-
Stewie: (to prostitute) So, is there any tread left on the tires, or at this point is it just like throwing a hot dog down a hallway?
-
Peter: All right everybody, time for paint ball!
Brian: Uh... I forgot to pick up the paint ballguns.
Joe: We can use these, (he brings a box of live guns) I brought them from the office.
Everyone takes a gun.
Lois: Peter, is it safe to be firing real gun in the house?
Peter: All right, All Right, nobody fire at Lois, she's scare... Okay 1.. 2.. 3... GO!
-
Quagmire: (after Peter shoots him in the leg) Dammit, Peter, that hurt!

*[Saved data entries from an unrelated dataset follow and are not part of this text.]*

lemma exp_pcont_abs_le:
  assumes lam: "lam > 0" and xi: "xi \<ge> 0" and v12: "v2 < v1" and s: "s \<in> {0..t}"
  shows "\<bar>exp (- xi * s) * pcont lam v1 v2 i j x s\<bar> \<le> lam * (1 + lam * t) / (v1 - v2)"
proof (cases "v2 * s < x \<and> x < v1 * s")
  case False
  then show ?thesis using lam s v12 by (simp add: pcont_def)
next
  case True
  define c where "c = coef lam v1 v2 i j x s"
  have "0 < tau v1 v2 x s" "tau v1 v2 x s < s"
    using True v12 by (auto simp: tau_def field_simps)
  then have "0 \<le> lam * tau v1 v2 x s" "lam * tau v1 v2 x s \<le> lam * s" "0 \<le> lam * s" "lam * s \<le> lam * t"
    using lam s by auto
  then have c: "0 \<le> c" "c \<le> 1 + lam * t"
    unfolding c_def coef_def by (auto simp: algebra_simps)
  have "exp (- xi * s) \<le> 1" "1 \<le> (1 + lam * s)^2" using s lam xi by simp_all
  then have "exp (- xi * s) * (lam * c / ((v1 - v2) * (1 + lam * s)^2)) \<le> 1 * (lam * c / (v1 - v2))"
    using lam c v12 by (intro mult_mono divide_left_mono) (auto intro!: mult_pos_pos)
  also have "\<dots> \<le> 1 * (lam * (1 + lam * t) / (v1 - v2))"
    using lam c v12 by (intro mult_left_mono divide_right_mono) auto
  finally show ?thesis
    using True lam c v12 by (simp add: pcont_def c_def)
qed

lemma pcont_eq_0:
  assumes s: "s \<in> {0..t}" and x: "\<bar>x\<bar> > (\<bar>v1\<bar> + \<bar>v2\<bar>) * t"
  shows "pcont lam v1 v2 i j x s = 0"
proof -
  have "\<bar>v1 * s\<bar> \<le> \<bar>v1\<bar> * t" "\<bar>v2 * s\<bar> \<le> \<bar>v2\<bar> * t"
    using s by (auto simp: abs_mult intro: mult_left_mono)
  then have "\<not> (v2 * s < x \<and> x < v1 * s)" using x by (auto simp: abs_less_iff abs_le_iff algebra_simps)
  then show ?thesis by (simp add: pcont_def)
qed

lemma pcont_fubini:
  fixes phi :: "real \<Rightarrow> real"
  assumes lam: "lam > 0" and xi: "xi \<ge> 0" and v12: "v2 < v1" and phi: "continuous_on UNIV phi"
  shows "s \<in> {0..t} \<Longrightarrow> (\<lambda>x. phi x * (exp (- xi * s) * pcont lam v1 v2 i j x s)) integrable_on UNIV"
    and "((\<lambda>s. integral UNIV (\<lambda>x. phi x * (exp (- xi * s) * pcont lam v1 v2 i j x s))) has_integral
           integral UNIV (\<lambda>x. phi x * pcont_laplace lam xi v1 v2 i j x t)) {0..t}"
    and "(\<lambda>x. phi x * pcont_laplace lam xi v1 v2 i j x t) integrable_on UNIV"
proof -
  define R where "R = (\<bar>v1\<bar> + \<bar>v2\<bar>) * t"
  define C where "C = lam * (1 + lam * t) / (v1 - v2)"
  define K where "K x s = phi x * (exp (- xi * s) * pcont lam v1 v2 i j x s)" for x s
  obtain B where B: "B \<ge> 0" "\<And>x. x \<in> {- R..R} \<Longrightarrow> \<bar>phi x\<bar> \<le> B"
    using continuous_on_compact_bound[of "{- R..R}" phi] phi continuous_on_subset
    by (metis compact_Icc real_norm_def subset_UNIV)
  have [measurable]: "phi \<in> borel_measurable borel"
    using phi by (rule borel_measurable_continuous_onI)
  have "(\<lambda>z. K (fst z) (snd z)) \<in> borel_measurable (lborel \<Otimes>\<^sub>M lborel)"
    unfolding K_def pcont_def coef_def tau_def indicator_def of_bool_def greaterThanLessThan_iff
    by measurable
  then have meas: "case_prod K \<in> borel_measurable borel" by (simp add: lborel_prod case_prod_beta')
  have support: "K x s = 0" if "s \<in> {0..t}" "x \<notin> {- R..R}" for x s
  proof -
    have "\<bar>x\<bar> > (\<bar>v1\<bar> + \<bar>v2\<bar>) * t" using that(2) unfolding R_def by auto
    then show ?thesis unfolding K_def using pcont_eq_0[OF that(1)] by simp
  qed
  have bound: "\<bar>K x s\<bar> \<le> B * C" if "s \<in> {0..t}" for x s
  proof (cases "x \<in> {- R..R}")
    case True
    then show ?thesis
      unfolding K_def abs_mult[of "phi x"] C_def using B exp_pcont_abs_le[OF lam xi v12 that]
      by (intro mult_mono) auto
  next
    case False
    have "0 \<le> C" using exp_pcont_abs_le[OF lam xi v12 that] unfolding C_def by (meson abs_ge_zero order_trans)
    then show ?thesis using support[OF that False] B(1) by simp
  qed
  have laplace: "integral {0..t} (K x) = phi x * pcont_laplace lam xi v1 v2 i j x t" for x
    unfolding K_def pcont_laplace_def by simp
  note fubini = bounded_kernel_fubini[where a = 0 and b = t and c = "- R" and d = R, OF meas bound support]
  show "s \<in> {0..t} \<Longrightarrow> (\<lambda>x. phi x * (exp (- xi * s) * pcont lam v1 v2 i j x s)) integrable_on UNIV"
    and "((\<lambda>s. integral UNIV (\<lambda>x. phi x * (exp (- xi * s) * pcont lam v1 v2 i j x s))) has_integral
           integral UNIV (\<lambda>x. phi x * pcont_laplace lam xi v1 v2 i j x t)) {0..t}"
    and "(\<lambda>x. phi x * pcont_laplace lam xi v1 v2 i j x t) integrable_on UNIV"
    using fubini unfolding laplace unfolding K_def by simp_all
qed

section \<open>Density and flow function of the reset process\<close>

lemma pcont_add:
  assumes "1 + lam * t \<noteq> 0"
  shows "pcont lam v1 v2 1 j x t + pcont lam v1 v2 2 j x t
    = indicator {v2 * t <..< v1 * t} x * lam / ((v1 - v2) * (1 + lam * t))"
proof -
  have "pcont lam v1 v2 1 j x t + pcont lam v1 v2 2 j x t
      = indicator {v2 * t <..< v1 * t} x * lam * (coef lam v1 v2 1 j x t + coef lam v1 v2 2 j x t)
        / ((v1 - v2) * (1 + lam * t)^2)"
    unfolding pcont_def by (simp add: add_divide_distrib algebra_simps)
  then show ?thesis
    using assms unfolding coef_add by (simp add: power2_eq_square)
qed

lemma pcont_diff:
  assumes "j \<in> {1, 2}"
  shows "pcont lam v1 v2 1 j x t - pcont lam v1 v2 2 j x t
    = indicator {v2 * t <..< v1 * t} x * lam * (lam * (2 * tau v1 v2 x t - t) + (-1) ^ j)
        / ((v1 - v2) * (1 + lam * t)^2)"
  unfolding pcont_def coef_diff[OF assms, symmetric] by (simp add: diff_divide_distrib algebra_simps)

Peter: Relax, Quagmire. You're doing better than Peter Weller from the opening scene of "RoboCop".
(scene switches to Joe, Mort, and Cleveland shooting Peter Weller)
Peter Weller: (screaming)
-
Lois: Now, that the mess is all cleaned up and we're back from the emergency room, it's time for the last game of the night, Trivial Pursuit.
Peter: Aw, man! I hate Trivial Pursuit. Always makes me feel so stupid.
Brian: More stupid than that time when you locked your keys out of the car?
(flashback to a time when Peter locked his keys out of the car)
Peter: Dammit. Hey, somebody!
(a guy walks by)
Peter: (to the guy walking by) Hey, sir? You see those keys down there? Sir? Oh, screw you!
(guy walks off)
Peter: (uses a bent coat hanger to get his keys, but fails, starts crying afterwards)
-
Peter: Well excuse me for being retarded. My whole world is turned upside-down. Black is east, up is white.
Brian: Peter, I hate to say 'I told you so' about not being a genius, but uh... YEAH! IN YOUR F**KING FACE, F**KWAD! I'm... I'm sorry.
-
Peter: Attention, restaurant customers. Testicles. That is all.
-
Peter: (On the phone) Hello, Sally, h-hey, it's Peter Griffin. Yeah, that's right, senior prom, yeah, it's been a while, yeah. So, uh, listen, uh, I just found out I'm retarded, and, um, I'm just calling to let you know that, uh, you might want to get yourself tested...Hello?
Lois: Peter, mental retardation usually happens before you're born. It isn't something you can catch. Don't you think you're overreacting?
Peter: Well, excuse me for being retarded!
-
Peter: This plan is so perfect it's retarded.
-
Meg: (about Peter being retarded) I can't believe this is happening to me! I can never go back to school again!
Stewie: Oh, yes, Meg, yes-yes yes, everything was going swimmingly for you until this. Yes, yes, THIS is the thing that will ruin your reputation, not two years of grotesque appearance, or awkward social graces, or that Felix Ungerish way you clear your sinuses, no no no, it's THIS. Do you hear yourself talk? I might kill you tonight!
-
Peter: (reading a card) For whistling at a white woman, go directly to jail. Awh, man! Doesn't anyone ever win at this game?
Cleveland: You don't win. You just do a little better each time.
-
Chris: My dad is smarter than your dad.
Meg: We have the same dad, idiot!
Chris: Yeah, but mine's smarter!
-
Brian: Uh, Peter according to this you're not a genius. In fact you're mentally retarded.
Peter: Oh yeah? Well would a mentally retarded guy have hired a bulldozer with a drunk driver to level half of his house in celebration of his fantastic test results?
Brian: Uh, maybe.
Peter: Oh.
-
Peter: Good thing I just watched that National Geographic special on firetrucks!
-
Lois: Peter is it safe to be firing real guns at each other in the house?
Peter: Alright alright, nobody fire at Lois, she's scared.
-
Lois: Okay here we go, "What color is a fire truck?"
Peter: Aww, oh God I always get these. Umm..okay..uhh..all right.. fire truck.. fire truck fire truck fire truck fire truck. What color are those red fire trucks? Uhh.. Oh god I can picture them now...all red and everything.
-
Joe: So, what can I do for you Peter?
Peter: Well Joe, I need to talk to you about something kind of personal.
Joe: Shoot.
Peter: Well, you know, I took this test and, uh, it sorta turns out that I'm technically mentally retarded. And, um, i just wanted to ask, ya know, how do you deal with it?
Joe : Deal with what?
Peter : You know, with being retarded.
Joe : Peter, I'm not retarded, I'm handicapped.
Peter : Oh, well now you're just splitting hairs.
-
Peter: Don't say retard Chris, we prefer to be called little people.
-
Stewie: Hey Chris? What ever happened to Geena Davis? She used to be in movies but she's not in movies anymore. She's attractive enough but when she smiles you see too much gum. Not enough tooth to gum ratio. Chris? Ah I'll tell you tomorrow!